_TO DO_
Where does the word "Hilbert" occur in the data below? Copy each line that holds it.

Dataset entries:
§
(* Let $\mathcal{H}^S$ and $\mathcal{H}^A$ be $d$-dimensional Hilbert spaces with fixed orthonormal bases. There exists an isometry $W:\mathcal{H}^S\to\mathcal{H}^S\otimes\mathcal{H}^A$ such that for every state $\rho^S$ on $\mathcal{H}^S$, \[ \mathcal{L}_C(\rho^S)=\mathcal{L}_E(W\rho^SW^\dagger). \]
   Context: The coherence rank $R_C(|\psi\rangle)$ of a pure state $|\psi\rangle\in\mathcal{H}^S$ is the number of nonzero coefficients of $|\psi\rangle$ in the fixed basis; $\mathcal{L}_C(|\psi\rangle)=\log_2R_C(|\psi\rangle)$; for a state $\rho$, $\mathcal{L}_C(\rho)=\min\sum_ip_i\mathcal{L}_C(|\psi_i\rangle)$ over all pure-state decompositions $\rho=\sum_ip_i|\psi_i\rangle\langle\psi_i|$. For a bipartite pure state $|\psi^{SA}\rangle$ with Schmidt rank $r$, $\mathcal{L}_E(|\psi^{SA}\rangle)=\log_2r$, and for a bipartite state $\rho^{SA}$, $\mathcal{L}_E(\rho^{SA})=\min\sum_ip_i\mathcal{L}_E(|\psi_i^{SA}\rangle)$ over all pure-state decompositions of $\rho^{SA}$. *)

theory Defs
  imports "Jordan_Normal_Form.DL_Rank" "Jordan_Normal_Form.Schur_Decomposition"
begin

text \<open>Hilbert space H^S = C^d with the computational (fixed orthonormal) basis e_0..e_(d-1);
  H^S \<otimes> H^A = C^(d*d), where the basis vector e_i \<otimes> e_j has index i*d + j.\<close>

definition coh_rank :: "complex vec \<Rightarrow> nat" where
  "coh_rank v = card {i. i < dim_vec v \<and> v $ i \<noteq> 0}"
§
_SOLUTION TO THE PROBLEM_
(* Let $\mathcal{H}^S$ and $\mathcal{H}^A$ be $d$-dimensional Hilbert spaces with fixed orthonormal bases. There exists an isometry $W:\mathcal{H}^S\to\mathcal{H}^S\otimes\mathcal{H}^A$ such that for every state $\rho^S$ on $\mathcal{H}^S$, \[ \mathcal{L}_C(\rho^S)=\mathcal{L}_E(W\rho^SW^\dagger). \]
text \<open>Hilbert space H^S = C^d with the computational (fixed orthonormal) basis e_0..e_(d-1);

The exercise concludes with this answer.